Garden Accents is also offering finer-bladed and drought-tolerant sod – called a tall fescue – that resembles Kentucky blue grass, something Gil called a “big gain for the turf industry,” and a line of specialty products like weeping cherries and topiaries.
“What we’re most excited about is that we’re bringing in a lot of things you can’t find at local nurseries,” he said. Garden Accents also offers a number of educational programs for their customers and prospective customers. Gil said it’s hard to know how much business the classes bring Garden Accents, but that they’re worth it to build goodwill and knowledgeable customers.
“It’s intangible,” Gil said. “I think the growers in South County who can be successful today are those who can produce a product and get it to the marketplace. In terms of our customer services, we try to provide clients with all the information we can to make the right choices about what to plant and how to plant it to make it water conserving and improve the value of their homes.”
Many growers in the region try to bring tourists and business to their farms with the Country Crossroads Farmers to You map, a long-time collaborative effort of farmers in Santa Clara and Santa Cruz Counties.

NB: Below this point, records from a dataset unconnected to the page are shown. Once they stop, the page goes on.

locale strong_unit_lgroup_neg = strong_unit_lgroup +
  fixes g :: 'a
  assumes g_neg: "g \<in> neg_cone G leq"
begin

lemma g_closed [simp]: "g \<in> carrier G"
  using g_neg by (simp add: neg_cone_def)

lemma one_le_inv_g: "\<one> \<preceq> inv g"
  using g_neg by (simp add: neg_cone_def one_le_inv_iff)

definition trunc :: "nat \<Rightarrow> 'a" where
  "trunc j = inv g \<curlywedge> s [^] j"

definition normal_length :: nat where
  "normal_length = (LEAST i. inv g \<preceq> s [^] i)"

definition normal_factor :: "nat \<Rightarrow> 'a" where
  "normal_factor i = trunc i \<otimes> inv (trunc (Suc i))"

definition normal_factors :: "'a list" where
  "normal_factors = map normal_factor [0..<normal_length]"

lemma trunc_closed [simp]: "trunc j \<in> carrier G"
  by (simp add: trunc_def)

lemma trunc_0: "trunc 0 = \<one>"
  using one_le_inv_g meet_commute[of "inv g" \<one>] meet_absorb[of \<one> "inv g"] by (simp add: trunc_def)

lemma trunc_Suc: "trunc (Suc j) = inv g \<curlywedge> (s \<otimes> trunc j)"
proof -
  have "inv g \<preceq> s \<otimes> inv g"
    using le_mult_right[OF one_closed s_closed _ one_le_s, of "inv g"] by simp
  moreover have "s \<otimes> trunc j = (s \<otimes> inv g) \<curlywedge> s [^] Suc j"
    using left_meet_hom_s unfolding trunc_def left_meet_hom_def
    by (simp add: nat_pow_Suc2[OF s_closed, symmetric])
  ultimately show ?thesis
    using meet_assoc[of "inv g" "s \<otimes> inv g" "s [^] Suc j"] meet_absorb[of "inv g" "s \<otimes> inv g"]
    by (simp add: trunc_def)
qed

The 30th edition, scheduled for an April release, will be the first time it also features farmers in San Benito and Monterey counties.
“It’s a great tool to educate the non-farming public about where farms are and what you can get there,” said Jenny Derry, executive director of the Santa Clara County Farm Bureau. “There’s a lot of people in the Bay Area interested in coming down here and going from farm to farm to see how food is grown.”

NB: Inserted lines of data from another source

(* Let $K>0$, let $H_1,H_2$ be real Hilbert spaces, let $B=H_1\times H_2$ with the symmetric bilinear form $\lfloor (x_1,x_2),(y_1,y_2)\rfloor=K^2\langle x_1,y_1\rangle_{H_1}-\langle x_2,y_2\rangle_{H_2}$ and $q(b)=\frac12\lfloor b,b\rfloor$. Let $0<K'<K$ and let $f:D\to H_2$ be a $K'$-Lipschitz mapping defined on a nonempty closed set $D\subset H_1$. Then the graph of $f$ is $q$-representable.
   Context: $w(B,B)$ is the coarsest topology on $B$ making all maps $b\mapsto\lfloor b,c\rfloor$ ($c\in B$) continuous (here it coincides with the weak topology of the Hilbert space $H_1\times H_2$). A nonempty $A\subset B$ is $q$-positive if $q(b-c)\ge0$ for all $b,c\in A$. A $q$-positive set $A$ is $q$-representable if there exists a $w(B,B)$-lower semicontinuous proper convex function $\varphi:B\to\mathbb{R}\cup\{+\infty\}$ with $\varphi\ge q$ on $B$ and $\{b:\varphi(b)=q(b)\}=A$. A map $g$ is $L$-Lipschitz if $\|g(x)-g(y)\|_{H_2}\le L\|x-y\|_{H_1}$ on its domain. *)

theory Defs
  imports "HOL-Analysis.Analysis"
begin

definition bform :: "real \<Rightarrow> ('a::real_inner \<times> 'b::real_inner) \<Rightarrow> ('a \<times> 'b) \<Rightarrow> real" where
  "bform K b c = K\<^sup>2 * inner (fst b) (fst c) - inner (snd b) (snd c)"

definition qform :: "real \<Rightarrow> ('a::real_inner \<times> 'b::real_inner) \<Rightarrow> real" where
  "qform K b = bform K b b / 2"

definition wtop :: "real \<Rightarrow> ('a::real_inner \<times> 'b::real_inner) topology" where
  "wtop K = topology_generated_by {{b. bform K b c \<in> U} | c U. open U}"

definition q_positive :: "real \<Rightarrow> ('a::real_inner \<times> 'b::real_inner) set \<Rightarrow> bool" where
  "q_positive K A \<longleftrightarrow> A \<noteq> {} \<and> (\<forall>b\<in>A. \<forall>c\<in>A. qform K (b - c) \<ge> 0)"

definition lsc_wrt :: "'x topology \<Rightarrow> ('x \<Rightarrow> ereal) \<Rightarrow> bool" where
  "lsc_wrt T \<phi> \<longleftrightarrow> (\<forall>t::ereal. openin T {x. t < \<phi> x})"

definition proper_convex :: "('a::real_vector \<Rightarrow> ereal) \<Rightarrow> bool" where
  "proper_convex \<phi> \<longleftrightarrow> (\<forall>x. \<phi> x \<noteq> -\<infinity>) \<and> (\<exists>x. \<phi> x \<noteq> \<infinity>) \<and>
     (\<forall>x y u. 0 \<le> u \<and> u \<le> 1 \<longrightarrow>
        \<phi> (u *\<^sub>R x + (1 - u) *\<^sub>R y) \<le> ereal u * \<phi> x + ereal (1 - u) * \<phi> y)"

definition q_representable :: "real \<Rightarrow> ('a::real_inner \<times> 'b::real_inner) set \<Rightarrow> bool" where
  "q_representable K A \<longleftrightarrow> q_positive K A \<and>
     (\<exists>\<phi>. lsc_wrt (wtop K) \<phi> \<and> proper_convex \<phi> \<and>
          (\<forall>b. ereal (qform K b) \<le> \<phi> b) \<and> {b. \<phi> b = ereal (qform K b)} = A)"

end

theory Submission
  imports Defs
begin

text \<open>For a point b off the graph A we construct an affine minorant x \<mapsto> \<lfloor>x, c\<rfloor> + e of q
  on A that exceeds q at b; the supremum of all affine minorants is then w(B,B)-lower
  semicontinuous and convex, and it meets q exactly on A.
  The minorant comes from separating (b, q b) from the convex hull of the epigraph of q on A in
  the Hilbert space B \<times> \<real>. The quantitative core is that (b, q b) stays away from this hull:
  for a convex combination of graph points with barycentre (m, w) and height t, the
  K'-Lipschitz bound shrinks the variance of the f-values to at most K'^2 times that of the
  points of D, whence (K^2 - K'^2)/2 times the latter variance is at most t - q(m, w). This
  controls both the distance from D and the deviation of w from the graph.\<close>

lemma norm_diff_sq_parallelogram:
  fixes a b :: "'c::real_inner"
  shows "norm (a - b)^2 = 2 * norm a^2 + 2 * norm b^2 - 4 * norm ((1/2) *\<^sub>R a + (1/2) *\<^sub>R b)^2"
  by (simp add: power2_norm_eq_inner inner_add_left inner_add_right inner_diff_left
      inner_diff_right inner_commute algebra_simps)

lemma Cauchy_norm_minimizing_sequence:
  fixes s :: "nat \<Rightarrow> 'c::real_inner"
  assumes "convex E" and lower: "\<And>e. e \<in> E \<Longrightarrow> r \<le> norm e" and "0 \<le> r"
    and s: "\<And>k. s k \<in> E" and lim: "(\<lambda>k. norm (s k)) \<longlonglongrightarrow> r"
  shows "Cauchy s"
proof (rule CauchyI)
  fix \<epsilon> :: real
  assume "0 < \<epsilon>"
  have "(\<lambda>k. norm (s k)^2) \<longlonglongrightarrow> r^2"
    using lim by (intro tendsto_intros)
  then have "eventually (\<lambda>k. norm (s k)^2 < r^2 + \<epsilon>^2/4) sequentially"
    using \<open>0 < \<epsilon>\<close> by (intro order_tendstoD) auto
  then obtain N where N: "\<And>k. k \<ge> N \<Longrightarrow> norm (s k)^2 < r^2 + \<epsilon>^2/4"
    by (auto simp: eventually_sequentially)
  have "norm (s m - s n) < \<epsilon>" if "m \<ge> N" "n \<ge> N" for m n
  proof -
    have "(1/2) *\<^sub>R s m + (1/2) *\<^sub>R s n \<in> E"
      using \<open>convex E\<close> s by (intro convexD) auto
    then have "r^2 \<le> norm ((1/2) *\<^sub>R s m + (1/2) *\<^sub>R s n)^2"
      using lower \<open>0 \<le> r\<close> by (simp add: power_mono)
    then have "norm (s m - s n)^2 < \<epsilon>^2"
      using norm_diff_sq_parallelogram[of "s m" "s n"] N[OF that(1)] N[OF that(2)] by linarith
    then show ?thesis
      using \<open>0 < \<epsilon>\<close> by (simp add: power_less_imp_less_base)
  qed
  then show "\<exists>M. \<forall>m\<ge>M. \<forall>n\<ge>M. norm (s m - s n) < \<epsilon>"
    by blast
qed

lemma convex_closure_min_norm_point:
  fixes E :: "'c::{real_inner,complete_space} set"
  assumes "convex E" and "E \<noteq> {}"
  obtains p where "p \<in> closure E" and "\<And>e. e \<in> closure E \<Longrightarrow> norm p \<le> norm e"
proof -
  define r where "r = Inf (norm ` E)"
  have bdd: "bdd_below (norm ` E)"
    by (rule bdd_belowI[of _ 0]) auto
  have "0 \<le> r"
    unfolding r_def using assms(2) by (intro cInf_greatest) auto
  have "closure E \<subseteq> {e. r \<le> norm e}"
  proof (rule closure_minimal)
    show "E \<subseteq> {e. r \<le> norm e}"
      unfolding r_def using bdd by (auto intro: cInf_lower)
  qed (intro closed_Collect_le continuous_intros)
  then have r_le: "\<And>e. e \<in> closure E \<Longrightarrow> r \<le> norm e"
    by blast
  have "r \<in> closure (norm ` E)"
    unfolding r_def using assms(2) bdd by (intro closure_contains_Inf) auto
  then obtain x where x_in: "\<forall>k. x k \<in> norm ` E" and x: "x \<longlonglongrightarrow> r"
    using closure_sequential[of r "norm ` E"] by blast
  have "\<exists>s. \<forall>k. s k \<in> E \<and> x k = norm (s k)"
    using x_in by (intro choice) blast
  then obtain s where s: "\<And>k. s k \<in> E" and "\<And>k. x k = norm (s k)"
    by blast
  then have "(\<lambda>k. norm (s k)) = x"
    by auto
  with x have norm_s: "(\<lambda>k. norm (s k)) \<longlonglongrightarrow> r"
    by simp
  have "\<And>e. e \<in> E \<Longrightarrow> r \<le> norm e"
    using r_le closure_subset by blast
  then have "Cauchy s"
    by (rule Cauchy_norm_minimizing_sequence[OF assms(1) _ \<open>0 \<le> r\<close> s norm_s])
  then obtain p where p: "s \<longlonglongrightarrow> p"
    using Cauchy_convergent_iff convergent_def by blast
  have "p \<in> closure E"
    unfolding closure_sequential using s p by blast
  moreover have "norm p = r"
    using tendsto_norm[OF p] norm_s by (rule LIMSEQ_unique)
  ultimately show ?thesis
    using that r_le by simp
qed

lemma hilbert_separation_point:
  fixes E :: "'c::{real_inner,complete_space} set"
  assumes "convex E" and "E \<noteq> {}" and "z \<notin> closure E"
  obtains p where "p \<noteq> 0" and "\<And>e. e \<in> E \<Longrightarrow> inner p p \<le> inner p (e - z)"
proof -
  let ?E = "(\<lambda>e. e - z) ` E"
  have "convex ?E"
    using assms(1) by simp
  then obtain p where p: "p \<in> closure ?E" and min: "\<And>e. e \<in> closure ?E \<Longrightarrow> norm p \<le> norm e"
    using convex_closure_min_norm_point[of ?E] assms(2) by blast
  have "p \<noteq> 0"
  proof
    assume "p = 0"
    then have "0 \<in> (\<lambda>e. e - z) ` closure E"
      using p by (simp only: closure_translation_subtract)
    then show False
      using assms(3) by auto
  qed
  moreover have "inner p p \<le> inner p (e - z)" if "e \<in> E" for e
  proof -
    have "e - z \<in> closure ?E"
      using that by (intro subsetD[OF closure_subset] imageI)
    with \<open>convex ?E\<close> p min have "inner (0 - p) ((e - z) - p) \<le> 0"
      by (intro any_closest_point_dot[of "closure ?E"]) (simp_all add: convex_closure dist_norm)
    then show ?thesis
      by (simp add: inner_diff_right inner_commute)
  qed
  ultimately show ?thesis
    using that by blast
qed

definition weighted_variance :: "'i set \<Rightarrow> ('i \<Rightarrow> real) \<Rightarrow> ('i \<Rightarrow> 'c::real_inner) \<Rightarrow> real"
  where "weighted_variance F u v =
    (\<Sum>s\<in>F. u s * norm (v s)^2) - norm (\<Sum>s\<in>F. u s *\<^sub>R v s)^2"

lemma weighted_sum_norm_sq_diff:
  fixes v :: "'i \<Rightarrow> 'c::real_inner"
  assumes "finite F" and "sum u F = 1"
  shows "(\<Sum>s\<in>F. u s * norm (v s - c)^2) =
    weighted_variance F u v + norm ((\<Sum>s\<in>F. u s *\<^sub>R v s) - c)^2"
proof -
  define M where "M = (\<Sum>s\<in>F. u s *\<^sub>R v s)"
  have expand: "norm (a - c)^2 = norm a^2 - 2 * inner a c + norm c^2" for a :: 'c
    unfolding power2_norm_eq_inner by (simp add: inner_diff_left inner_diff_right inner_commute)
  have "(\<Sum>s\<in>F. u s * norm (v s - c)^2) =
      (\<Sum>s\<in>F. u s * norm (v s)^2) - 2 * (\<Sum>s\<in>F. u s * inner (v s) c) + (\<Sum>s\<in>F. u s) * norm c^2"
    unfolding expand
    by (simp add: algebra_simps sum.distrib sum_subtractf sum_distrib_left sum_distrib_right)
  also have "(\<Sum>s\<in>F. u s * inner (v s) c) = inner M c"
    unfolding M_def by (simp add: inner_sum_left)
  finally show ?thesis
    using assms(2) unfolding weighted_variance_def M_def[symmetric] expand[of M] by simp
qed

lemma weighted_variance_nonneg:
  assumes "finite F" and "sum u F = 1" and "\<And>s. s \<in> F \<Longrightarrow> 0 \<le> u s"
  shows "0 \<le> weighted_variance F u v"
  using weighted_sum_norm_sq_diff[OF assms(1,2), of v "\<Sum>s\<in>F. u s *\<^sub>R v s"] assms(3)
    sum_nonneg[of F "\<lambda>s. u s * norm (v s - (\<Sum>s\<in>F. u s *\<^sub>R v s))^2"]
  by simp

lemma weighted_variance_pairwise:
  fixes v :: "'i \<Rightarrow> 'c::real_inner"
  assumes "finite F" and "sum u F = 1"
  shows "(\<Sum>s'\<in>F. \<Sum>s\<in>F. u s' * u s * norm (v s - v s')^2) = 2 * weighted_variance F u v"
proof -
  define M where "M = (\<Sum>s\<in>F. u s *\<^sub>R v s)"
  define V where "V = weighted_variance F u v"
  have shift: "(\<Sum>s\<in>F. u s * norm (v s - c)^2) = V + norm (M - c)^2" for c
    unfolding M_def V_def by (rule weighted_sum_norm_sq_diff[OF assms])
  have "(\<Sum>s'\<in>F. \<Sum>s\<in>F. u s' * u s * norm (v s - v s')^2) =
      (\<Sum>s'\<in>F. u s' * (\<Sum>s\<in>F. u s * norm (v s - v s')^2))"
    by (simp add: sum_distrib_left mult.assoc)
  also have "\<dots> = (\<Sum>s'\<in>F. u s' * (V + norm (M - v s')^2))"
    by (simp only: shift)
  also have "\<dots> = V * (\<Sum>s'\<in>F. u s') + (\<Sum>s'\<in>F. u s' * norm (M - v s')^2)"
    by (simp add: algebra_simps sum.distrib sum_distrib_left sum_distrib_right)
  also have "(\<Sum>s'\<in>F. u s' * norm (M - v s')^2) = V"
    using shift[of M] by (simp add: norm_minus_commute)
  finally show ?thesis
    using assms(2) unfolding V_def by simp
qed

The Crossroads map shows the location of all the farmers who participate, a harvest calendar and a guide to finding particular fruits and vegetables. Every year, about 60,000 copies are distributed to hotels and tourist bureaus, and at events like those celebrating Earth Day and Arbor Day. Derry said the maps are good resource for attracting children, especially home-schooled children.
“This is something that’s really big in Europe, visiting farms as a form of tourism,” she said. “I think it’s going to grow here and we want to be on the edge of that.”
Mariani and his colleagues are counting on turning neighbors into tourists and tourists into customers, but no one farming in this region is getting rich on daytrippers yet. For Mariani, it’s about the fruit, and his connection to his family’s tradition and the orchards that used to blanket the valley.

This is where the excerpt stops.